Tardos delights in making statements, but not pronouncements. Statements are provocative. They stimulate thought. Pronouncements are autocratic. They direct thought. Tardos does neither, really; she revels in paradox and contradiction. She likes making statements that subvert their own assertions, that nullify their own logic. Statements like “Foggy, incommunicable truth, where sometimes nothing is less true than the truth” (33), or “I’ve no time to write that I have no time to write” (51).

Tardos also delights in packing words together in a bold excess of seemingly haphazard order, a surplus of semiotic information that results in a joyful, polysemic object. The words acquire a brick-and-mortar tangibility.

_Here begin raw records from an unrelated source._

lemma sym_H: "transpose H = H"
proof -
  have "H = X - Y - diag_mat lam" using X_minus_Y by (simp add: algebra_simps)
  then show ?thesis by (simp add: transpose_diff sym_X sym_Y transpose_diag_mat)
qed

text \<open>Blockwise: on the \<open>PP\<close> block \<open>X - Lpos lam - H = Y\<close> because
  \<open>X - Y = diag_mat lam + H\<close>, and \<open>Omega\<close> vanishes on the \<open>NN\<close> block.\<close>
lemma expansion_error_decomposition:
  "X - Lpos lam - Omega_hadamard lam H
     = P ** Y ** P + (XNP - Theta_hadamard lam H) + transpose (XNP - Theta_hadamard lam H)
       + N ** X ** N"
proof -
  have "(X - Lpos lam - Omega_hadamard lam H) $ i $ j
      = (P ** Y ** P + (XNP - Theta_hadamard lam H) + transpose (XNP - Theta_hadamard lam H)
         + N ** X ** N) $ i $ j" for i j
  proof -
    have sym: "X$j$i = X$i$j" "H$j$i = H$i$j"
      using sym_X sym_H by (metis transpose_component)+
    have Y: "Y$i$j = X$i$j - (if i = j then lam i else 0) - H$i$j"
      using arg_cong[OF X_minus_Y, of "\<lambda>M. M$i$j"] by (simp add: diag_mat_component)
    show ?thesis
      using lam_nonzero[of i] lam_nonzero[of j]
      by (cases "0 < lam i"; cases "0 < lam j")
         (auto simp: sign_block_component Theta_hadamard_def Omega_hadamard_def Omega_def
           transpose_component Lpos_def diag_mat_component Y sym)
  qed
  then show ?thesis by (simp add: vec_eq_iff)
qed
lemma two_periodic_eq_alternate:
  assumes "\<forall>k\<in>{1..<m}. u (k + 2) = u k" "k \<in> {1..Suc m}"
  shows "u k = alternate (u 1) (u 2) k"
  using assms(2)
proof (induction k rule: less_induct)
  case (less k)
  show ?case
  proof (cases "k \<le> 2")
    case True
    with less.prems show ?thesis
      by (auto simp: alternate_def le_Suc_eq numeral_2_eq_2)
  next
    case False
    with less.prems have "k - 2 \<in> {1..<m}"
      by auto
    with assms(1) have "u (k - 2 + 2) = u (k - 2)"
      by blast
    moreover from False have "k - 2 + 2 = k"
      by simp
    ultimately have "u k = u (k - 2)"
      by simp
    with less.IH[of "k - 2"] False \<open>k - 2 \<in> {1..<m}\<close> show ?thesis
      by (simp add: alternate_def)
  qed
qed

lemma alternate_intertwines_iff:
  "(\<forall>k\<in>{1..m}. alternate x y k ** A k = A' k ** alternate x y (Suc k))
   \<longleftrightarrow> (\<forall>k\<in>{1..m}. even k \<longrightarrow> A' k ** x = y ** A k) \<and> (\<forall>k\<in>{1..m}. odd k \<longrightarrow> A' k ** y = x ** A k)"
  by (auto simp: alternate_def)

lemma pair_to_morphism_eq:
  "pair_to_morphism m (x, y) = (x, bdiag y x, \<lambda>k. if k \<in> {1..Suc m} then alternate x y k else 0)"
  unfolding pair_to_morphism_def alternate_def bdiag_def by simp

lemma inj_pair_to_morphism: "inj (pair_to_morphism m)"
proof (rule injI)
  fix p q
  assume "pair_to_morphism m p = pair_to_morphism m q"
  then show "p = q"
    by (cases p; cases q) (simp add: pair_to_morphism_eq bdiag_def)
qed

lemma sheaf_morphisms_eq_pair_image:
  assumes "1 \<le> m" "diagram_phis m A phi" "diagram_phis m A' phi'"
  shows "sheaf_morphisms m phi phi' = pair_to_morphism m `
           {(x, y). \<forall>k\<in>{1..m}. alternate x y k ** A k = A' k ** alternate x y (Suc k)}"
proof (intro equalityI subsetI)
  fix z
  assume "z \<in> sheaf_morphisms m phi phi'"
  moreover obtain u0 v u where z: "z = (u0, v, u)"
    by (cases z) auto
  ultimately have "(u0, v, u) \<in> sheaf_morphisms m phi phi'"
    by simp
  then have morphism: "v = bdiag (u 2) (u 1)" "u0 = u 1"
      "\<forall>k\<in>{1..m}. u k ** A k = A' k ** u (Suc k)" "\<forall>k\<in>{1..<m}. u (k + 2) = u k"
      "\<forall>i. i \<notin> {1..Suc m} \<longrightarrow> u i = 0"
    unfolding sheaf_morphisms_iff[OF assms] by blast+
  define x y where "x = u 1" and "y = u 2"
  have alt: "u k = alternate x y k" if "k \<in> {1..Suc m}" for k
    unfolding x_def y_def using two_periodic_eq_alternate[OF morphism(4) that] .
  define w where "w = (\<lambda>k. if k \<in> {1..Suc m} then alternate x y k else 0)"
  have "u = w"
  proof
    fix k
    show "u k = w k"
      using alt[of k] morphism(5) by (auto simp: w_def)
  qed
  then have "z = (x, bdiag y x, w)"
    by (simp add: z morphism(1,2) x_def y_def)
  also have "\<dots> = pair_to_morphism m (x, y)"
    by (simp add: pair_to_morphism_eq w_def)
  finally have "z = pair_to_morphism m (x, y)" .
  moreover have "\<forall>k\<in>{1..m}. alternate x y k ** A k = A' k ** alternate x y (Suc k)"
    using morphism(3) alt by auto
  ultimately show "z \<in> pair_to_morphism m `
           {(x, y). \<forall>k\<in>{1..m}. alternate x y k ** A k = A' k ** alternate x y (Suc k)}"
    by blast
next
  fix z
  assume "z \<in> pair_to_morphism m `
           {(x, y). \<forall>k\<in>{1..m}. alternate x y k ** A k = A' k ** alternate x y (Suc k)}"
  then obtain x y where z: "z = pair_to_morphism m (x, y)"
      and intertwines: "\<forall>k\<in>{1..m}. alternate x y k ** A k = A' k ** alternate x y (Suc k)"
    by auto
  let ?u = "\<lambda>k. if k \<in> {1..Suc m} then alternate x y k else 0"
  have "?u 1 = x" "?u 2 = y"
    using assms(1) by (auto simp: alternate_def)
  moreover have "\<forall>k\<in>{1..m}. ?u k ** A k = A' k ** ?u (Suc k)"
    using intertwines by auto
  moreover have "\<forall>k\<in>{1..<m}. ?u (k + 2) = ?u k"
    by (auto simp: alternate_def)
  ultimately show "z \<in> sheaf_morphisms m phi phi'"
    unfolding z pair_to_morphism_eq sheaf_morphisms_iff[OF assms] by auto
qed
lemma add_subgroup_extend:
  fixes S :: "'a::field set"
  assumes p: "prime CHAR('a)" and S: "add_subgroup S" and x: "x \<notin> S"
  defines "T \<equiv> (\<lambda>(s, j). s + of_nat j * x) ` (S \<times> {..<CHAR('a)})"
  shows "add_subgroup T" "card T = card S * CHAR('a)" "S \<subset> T"
proof -
  let ?p = "CHAR('a)"
  have p0: "?p > 0"
    using p by (simp add: prime_gt_0_nat)
  have of_nat_mod: "(of_nat (n mod ?p) :: 'a) = of_nat n" for n
    by (simp add: of_nat_eq_iff_cong_CHAR cong_def)
  show "add_subgroup T"
    unfolding add_subgroup_def
  proof (intro conjI ballI)
    show "0 \<in> T"
      unfolding T_def using S p0 by (intro image_eqI[of _ _ "(0, 0)"]) (auto simp: add_subgroup_def)
  next
    fix u v assume "u \<in> T" "v \<in> T"
    then obtain s j s' j' where u: "u = s + of_nat j * x" and v: "v = s' + of_nat j' * x"
      and s: "s \<in> S" "s' \<in> S" and j: "j < ?p" "j' < ?p"
      unfolding T_def by auto
    have "u - v = (s - s') + of_nat ((j + (?p - j')) mod ?p) * x"
      unfolding u v using j by (simp add: of_nat_mod of_nat_diff algebra_simps)
    moreover have "s - s' \<in> S"
      using S s by (simp add: add_subgroup_def)
    ultimately show "u - v \<in> T"
      unfolding T_def using p0
      by (intro image_eqI[of _ _ "(s - s', (j + (?p - j')) mod ?p)"]) auto
  qed
  have no_collision: "s + of_nat j * x \<noteq> s' + of_nat j' * x"
    if "s \<in> S" "s' \<in> S" "j < j'" "j' < ?p" for s s' j j'
  proof
    assume "s + of_nat j * x = s' + of_nat j' * x"
    then have "of_nat (j' - j) * x = s - s'"
      using that by (simp add: of_nat_diff algebra_simps)
    moreover have "\<not> ?p dvd j' - j"
      using that by (auto dest: dvd_imp_le)
    moreover have "s - s' \<in> S"
      using S that by (simp add: add_subgroup_def)
    ultimately have "x \<in> S"
      using add_subgroup_of_nat_mult_cancel[OF p S] by metis
    with x show False ..
  qed
  have "inj_on (\<lambda>(s, j). s + of_nat j * x) (S \<times> {..<?p})"
  proof (rule inj_onI, clarify)
    fix s j s' j'
    assume "s \<in> S" "j < ?p" "s' \<in> S" "j' < ?p" and eq: "s + of_nat j * x = s' + of_nat j' * x"
    then have "j = j'"
      using no_collision[of s s' j j'] no_collision[of s' s j' j] by (cases j j' rule: linorder_cases) auto
    with eq show "s = s' \<and> j = j'"
      by simp
  qed
  then show "card T = card S * ?p"
    unfolding T_def by (simp add: card_image card_cartesian_product)
  have "S \<subseteq> T"
    unfolding T_def using p0 by (auto intro!: image_eqI[of _ _ "(_, 0)"])
  moreover have "x \<in> T"
    unfolding T_def using S prime_gt_1_nat[OF p]
    by (intro image_eqI[of _ _ "(0, 1)"]) (auto simp: add_subgroup_def)
  ultimately show "S \<subset> T"
    using x by auto
qed
text \<open>Writing \<open>v + s n\<close> as a convex combination of \<open>v / \<theta>\<close> and a multiple of \<open>n\<close> and letting
  \<open>\<theta> \<rightarrow> 1\<close> shows \<open>s (\<zeta> \<bullet> n) \<le> 0\<close> for every real \<open>s\<close>.\<close>
lemma subdiff_orthogonal_null_set:
  assumes \<zeta>: "\<zeta> \<in> subdiff J v" and n: "n \<in> null_set J"
  shows "\<zeta> \<bullet> n = 0"
proof -
  have Jv: "J v = ereal (Jr v)" using J_eq_Jr[OF subdiff_imp_finite[OF \<zeta>]] .
  have Jn: "J (c *\<^sub>R n) = 0" for c
    using n J_scaleR[of c n] J_zero by (cases "c = 0") (auto simp: null_set_def)
  have "s * (\<zeta> \<bullet> n) \<le> 0" for s
  proof -
    have le: "Jr v + s * (\<zeta> \<bullet> n) \<le> \<theta> * ((1/\<theta>) powr p * Jr v)" if "0 < \<theta>" "\<theta> < 1" for \<theta>
    proof -
      have decomp: "\<theta> *\<^sub>R ((1/\<theta>) *\<^sub>R v) + (1 - \<theta>) *\<^sub>R ((s/(1 - \<theta>)) *\<^sub>R n) = v + s *\<^sub>R n"
        using that by simp
      have "J ((1 - (1 - \<theta>)) *\<^sub>R ((1/\<theta>) *\<^sub>R v) + (1 - \<theta>) *\<^sub>R ((s/(1 - \<theta>)) *\<^sub>R n))
          \<le> ereal (1 - (1 - \<theta>)) * J ((1/\<theta>) *\<^sub>R v) + ereal (1 - \<theta>) * J ((s/(1 - \<theta>)) *\<^sub>R n)"
        using that by (intro J_convex) auto
      then have "J (v + s *\<^sub>R n) \<le> ereal \<theta> * J ((1/\<theta>) *\<^sub>R v) + ereal (1 - \<theta>) * J ((s/(1 - \<theta>)) *\<^sub>R n)"
        by (simp only: diff_diff_eq2 add_diff_cancel_left' decomp)
      also have "\<dots> = ereal (\<theta> * ((1/\<theta>) powr p * Jr v))"
        using J_scaleR[of "1/\<theta>" v] Jn Jv that by simp
      finally have J_le: "J (v + s *\<^sub>R n) \<le> ereal (\<theta> * ((1/\<theta>) powr p * Jr v))" .
      have "Jr v + \<zeta> \<bullet> (v + s *\<^sub>R n - v) \<le> Jr (v + s *\<^sub>R n)"
        using J_le by (intro subgradient_le[OF \<zeta>]) auto
      moreover have "Jr (v + s *\<^sub>R n) \<le> \<theta> * ((1/\<theta>) powr p * Jr v)" using Jr_le[OF J_le] .
      ultimately show ?thesis by simp
    qed
    have "((\<lambda>\<theta>. \<theta> * ((1/\<theta>) powr p * Jr v)) \<longlongrightarrow> 1 * ((1/1) powr p * Jr v)) (at_left 1)"
      by (intro tendsto_intros) auto
    moreover have "\<forall>\<^sub>F \<theta> in at_left 1. Jr v + s * (\<zeta> \<bullet> n) \<le> \<theta> * ((1/\<theta>) powr p * Jr v)"
      unfolding eventually_at_left_field by (intro exI[of _ 0]) (auto intro: le)
    ultimately have "Jr v + s * (\<zeta> \<bullet> n) \<le> 1 * ((1/1) powr p * Jr v)"
      by (intro tendsto_le[OF trivial_limit_at_left_real _ tendsto_const])
    then show ?thesis by simp
  qed
  from this[of 1] this[of "-1"] show ?thesis by simp
qed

“New York City” begins with the line “Derailed vigilantism ectoblastic wannabe linseed oil” (50). This could best be described as what Roland Barthes refers to as a “floating chain” of signifiers, “the reader able to choose some and ignore others.”[7] Barthes states further that polysemy raises questions of meaning and the question has the appearance of dysfunction. I’m not a fan of dysfunction, but I find the breakdown of normal syntactic function to be curiously libidinal in some sense, a form of élan vital in which the language has been liberated from any form of guided message and exists as an autonomous action.

A geranium. A yak. A camel on a pedestal. 



1. Anne Tardos, The Camel’s Pedestal: Poems 2009­–2017, (Buffalo, NY: BlazeVOX Books, 2017), 18.

2. William James, The Principles of Psychology, vols. 1–2 (Pantianos Classics, 2017; first published 1890), 125.

3. Charles Olson, Proprioception (San Francisco: Four Seasons Foundation, 1965), 1.

4. Eva Illouz, “Le Commentaire d’Eva Illouz,” Philosophie magazine, no. 116 (February 2018): 63. Excerpt translated by the author.

5. Edward W. Said, Reflections on Exile: And Other Literary and Cultural Essays (London: Granta Books, 2001), 137.

6. André Breton, Manifestoes of Surrealism, trans. Richard Seaver and Helene R. Lane (Ann Arbor, Michigan: Ann Arbor Paperbacks, 1972), 47.

7. Roland Barthes, Image Music Text, trans. Stephen Heath (New York: Hill and Wang, 1977), 39.